Turning the compost heap introduces oxygen, which is the essential requirement for aerobic (hot) decomposition. Aerobic bacteria decompose organic matter approximately 40–50 times faster than anaerobic bacteria and produce heat, carbon dioxide, and water rather than the methane, hydrogen sulphide, and organic acids that characterise anaerobic decomposition. For hot composting, turning every 3–7 days during the active phase maintains oxygen levels above the threshold for thermophilic activity and ensures that all material in the heap passes through the hot centre, not just the material already positioned there. For cold composting, turning every 4–6 weeks is sufficient and simply re-introduces oxygen and redistributes moisture. Moisture management is equally critical. The optimal moisture content for composting is approximately 50–60% by weight — the material should feel like a wrung-out sponge, with moisture visible when compressed but not dripping. Too dry (below 40% moisture) and bacterial activity slows dramatically; too wet (above 65%) and the material becomes anaerobic regardless of turning. In UK conditions, rain can waterlog an open heap in winter — covering with a breathable lid (hessian, old carpet, or a commercial heap cover) prevents waterlogging while maintaining the gas exchange necessary for aerobic activity.

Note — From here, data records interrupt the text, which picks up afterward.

(* Let $m\ge5$ be odd, $N=3^m-1$ and $n=\frac{3^m-1}{2}$. Let $\beta$ be a primitive element of $\mathrm{GF}(3^m)$ (so $\beta^n=-1$). For $j\in\{1,3\}$ let $$g_{(j,m)}(x)=\prod_{\substack{1\le i\le N-1\\ \mathrm{wt}_3(i)\equiv j\ (\mathrm{mod}\ 4)}}(x-\beta^i)\in\mathrm{GF}(3)[x],$$ and let $\mathcal{C}_{(j,m)}$ be the ternary negacyclic code of length $n$ with generator polynomial $g_{(j,m)}(x)$. Then $\mathcal{C}_{(1,m)}$ has parameters $$\left[\frac{3^m-1}{2},\ \frac{3^m-1+2(-1)^{(m+1)/2}}{4},\ d\right],\quad d\ge\frac{3^{(m-1)/2}+2+(-1)^{(m-1)/2}}{4}+3,$$ and $\mathcal{C}_{(1,m)}^\perp=\mathcal{C}_{(3,m)}$, which has parameters $$\left[\frac{3^m-1}{2},\ \frac{3^m-1+2(-1)^{(m-1)/2}}{4},\ d^\perp\right],\quad d^\perp\ge\frac{3^{(m-1)/2}-(-1)^{(m-1)/2}}{4}+2.$$
   Context: For $0\le i\le 3^m-1$ with $3$-adic expansion $i=\sum_{j=0}^{m-1}i_j3^j$, $i_j\in\{0,1,2\}$, the $3$-weight is $\mathrm{wt}_3(i)=\sum_j i_j$ (note $\mathrm{wt}_3(i)\equiv i\pmod 2$, so the indices in the product are odd and $g_{(j,m)}$ divides $x^n+1$). A ternary negacyclic code of length $n$ is an ideal of $\mathrm{GF}(3)[x]/(x^n+1)$, with codewords $(c_0,\dots,c_{n-1})\leftrightarrow\sum c_ix^i$. $[n,k,d]$ denotes length, dimension, minimum Hamming distance; $\perp$ is the Euclidean dual. *)

theory Defs
  imports "HOL-Computational_Algebra.Polynomial" Complex_Main
begin

fun wt3 :: "nat \<Rightarrow> nat" where
  "wt3 i = (if i = 0 then 0 else i mod 3 + wt3 (i div 3))"

definition prime_subfield :: "'a::field set" where
  "prime_subfield = range of_nat"

definition primitive_element :: "'a::field \<Rightarrow> bool" where
  "primitive_element b \<longleftrightarrow> b \<noteq> 0 \<and> (\<forall>x. x \<noteq> 0 \<longrightarrow> (\<exists>i::nat. x = b ^ i))"

definition prime_polys :: "'a::field poly set" where
  "prime_polys = {p. \<forall>i. coeff p i \<in> prime_subfield}"

text \<open>Ambient space GF(3)^n, vectors (c_0,...,c_{n-1}) identified with polynomials of degree < n.\<close>
definition ambient :: "nat \<Rightarrow> 'a::field poly set" where
  "ambient n = {p \<in> prime_polys. \<forall>i\<ge>n. coeff p i = 0}"

definition gpoly :: "'a::field \<Rightarrow> nat \<Rightarrow> nat \<Rightarrow> 'a poly" where
  "gpoly b j m = (\<Prod>i\<in>{i. 1 \<le> i \<and> i \<le> 3^m - 2 \<and> wt3 i mod 4 = j}. [:- (b ^ i), 1:])"

text \<open>Negacyclic code of length n generated by g: the ideal generated by g in GF(3)[x]/(x^n+1).\<close>
definition negacyclic_code :: "nat \<Rightarrow> 'a::field poly \<Rightarrow> 'a poly set" where
  "negacyclic_code n g = {(a * g) mod (monom 1 n + 1) | a. a \<in> prime_polys}"

definition hamming_dist :: "nat \<Rightarrow> 'a::zero poly \<Rightarrow> 'a poly \<Rightarrow> nat" where
  "hamming_dist n c c' = card {i. i < n \<and> coeff c i \<noteq> coeff c' i}"

definition min_dist :: "nat \<Rightarrow> 'a::zero poly set \<Rightarrow> nat" where
  "min_dist n C = Min {hamming_dist n c c' | c c'. c \<in> C \<and> c' \<in> C \<and> c \<noteq> c'}"

definition dual_code :: "nat \<Rightarrow> 'a::field poly set \<Rightarrow> 'a poly set" where
  "dual_code n C = {v \<in> ambient n. \<forall>c\<in>C. (\<Sum>i<n. coeff v i * coeff c i) = 0}"

definition has_dim3 :: "'a set \<Rightarrow> nat \<Rightarrow> bool" where
  "has_dim3 C k \<longleftrightarrow> finite C \<and> card C = 3 ^ k"

end

theory Submission
  imports Defs
begin

text \<open>
  The roots of \<open>x\<^sup>n + 1\<close> are the powers \<open>\<beta>\<^sup>i\<close> with \<open>i\<close> odd, and since
  \<open>wt\<^sub>3(i) \<equiv> i (mod 2)\<close> the odd exponents split into the defining sets \<open>S\<^sub>1\<close>, \<open>S\<^sub>3\<close> of
  \<open>g\<^sub>1\<close> and \<open>g\<^sub>3\<close>, whose product is therefore \<open>x\<^sup>n + 1\<close>. Multiplication by 3 rotates
  ternary digits, so each \<open>S\<^sub>j\<close> is a union of cyclotomic cosets and \<open>g\<^sub>j\<close> lies in
  \<open>GF(3)[x]\<close>; the code it generates has dimension \<open>n - |S\<^sub>j|\<close>, and \<open>|S\<^sub>1|\<close>, \<open>|S\<^sub>3|\<close>
  are obtained by counting digit strings by weight modulo 4.

  For odd \<open>m\<close>, \<open>i \<mapsto> 3\<^sup>m - 1 - i\<close> complements all digits and maps \<open>S\<^sub>3\<close> to itself. So
  for \<open>c \<in> \<C>\<^sub>1\<close> and \<open>v \<in> \<C>\<^sub>3\<close> the product of \<open>c\<close> with the reversal of \<open>v\<close>
  vanishes at all odd powers of \<open>\<beta>\<close>, hence is a multiple of \<open>x\<^sup>n + 1\<close>; by degree its
  coefficient at \<open>x\<^bsup>deg v\<^esup>\<close>, which is the inner product of \<open>c\<close> and \<open>v\<close>, vanishes.
  Equality of \<open>\<C>\<^sub>3\<close> and the dual of \<open>\<C>\<^sub>1\<close> follows by counting. For the distances,
  with \<open>h = (m - 1)/2\<close> each defining set contains \<open>3\<^sup>k\<close> consecutive terms of an
  arithmetic progression of difference \<open>3\<^sup>h - 1\<close>, half of which is coprime to \<open>n\<close>, and
  the BCH bound applies.
\<close>

section \<open>Fields of characteristic 3\<close>

text \<open>Summing the translation \<open>x \<mapsto> x + 1\<close> over the whole ring.\<close>
lemma of_nat_card_UNIV_eq_0: "of_nat (card (UNIV :: 'a::{ring_1,finite} set)) = (0::'a)"
proof -
  have "(\<Sum>x\<in>UNIV. x) = (\<Sum>x\<in>UNIV. x + (1::'a))"
    by (rule sum.reindex_bij_witness[of _ "\<lambda>x. x + 1" "\<lambda>x. x - 1"]) auto
  also have "\<dots> = (\<Sum>x\<in>UNIV. x) + of_nat (card (UNIV :: 'a set))"
    by (simp add: sum.distrib)
  finally show ?thesis
    by simp
qed

lemma three_eq_0_if_card_power_3:
  assumes "card (UNIV :: 'a::{field,finite} set) = 3 ^ m"
  shows "(3::'a) = 0"
  using of_nat_card_UNIV_eq_0[where 'a='a] assms by (metis of_nat_numeral of_nat_power power_eq_0_iff)

lemma zero_in_prime_subfield [simp]: "0 \<in> prime_subfield"
  unfolding prime_subfield_def by (metis of_nat_0 rangeI)

lemma ambient_iff: "p \<in> ambient n \<longleftrightarrow> p \<in> prime_polys \<and> (p = 0 \<or> degree p < n)"
proof -
  have "(\<forall>i\<ge>n. coeff p i = 0) \<longleftrightarrow> (p = 0 \<or> degree p < n)"
  proof
    assume "\<forall>i\<ge>n. coeff p i = 0"
    then show "p = 0 \<or> degree p < n"
      by (metis leading_coeff_0_iff not_le)
  qed (auto intro: coeff_eq_0)
  then show ?thesis
    unfolding ambient_def by auto
qed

The most common composting problems and their solutions fall into predictable patterns. A smelly, wet heap indicates excess nitrogen and insufficient aeration — add browns generously, turn to introduce oxygen, and consider adding a layer of wood chip or shredded cardboard to absorb moisture. A dry, inactive heap with no visible breakdown indicates excess carbon, insufficient moisture, or both — water the heap thoroughly, add nitrogen-rich greens, and turn to mix. White fungal mycelium in the heap is entirely normal and beneficial — these are the fungi responsible for breaking down woody material, and their presence indicates a healthy, aerobic environment. Rats in or around the heap are caused by composting cooked food, meat, or dairy — exclude these materials or switch to a rat-proof container. Slow breakdown in winter is normal and expected — cold temperatures suppress microbial activity dramatically and there is little that can practically be done other than insulating the heap with straw bales and waiting for spring. Bokashi composting is a radically different system developed in Japan that uses a specific community of effective microorganisms (EM — principally lactic acid bacteria) to ferment rather than aerobically decompose food waste. All food can be processed in a bokashi system, including meat and dairy. The food is mixed with bokashi bran (inoculated with EM), placed in an airtight bucket, and fermented over 2–4 weeks at room temperature. The result is not finished compost but a pre-digested, pickled material that must then be either buried in the garden (where it is rapidly incorporated into the soil by earthworms and microorganisms), added to a conventional compost heap as a nitrogen-rich activator, or mixed into a hot composting system. Bokashi does not smell like rotting food — the fermentation process produces a mild, pickled odour. It is ideal for small gardens or flats where outdoor composting space is limited.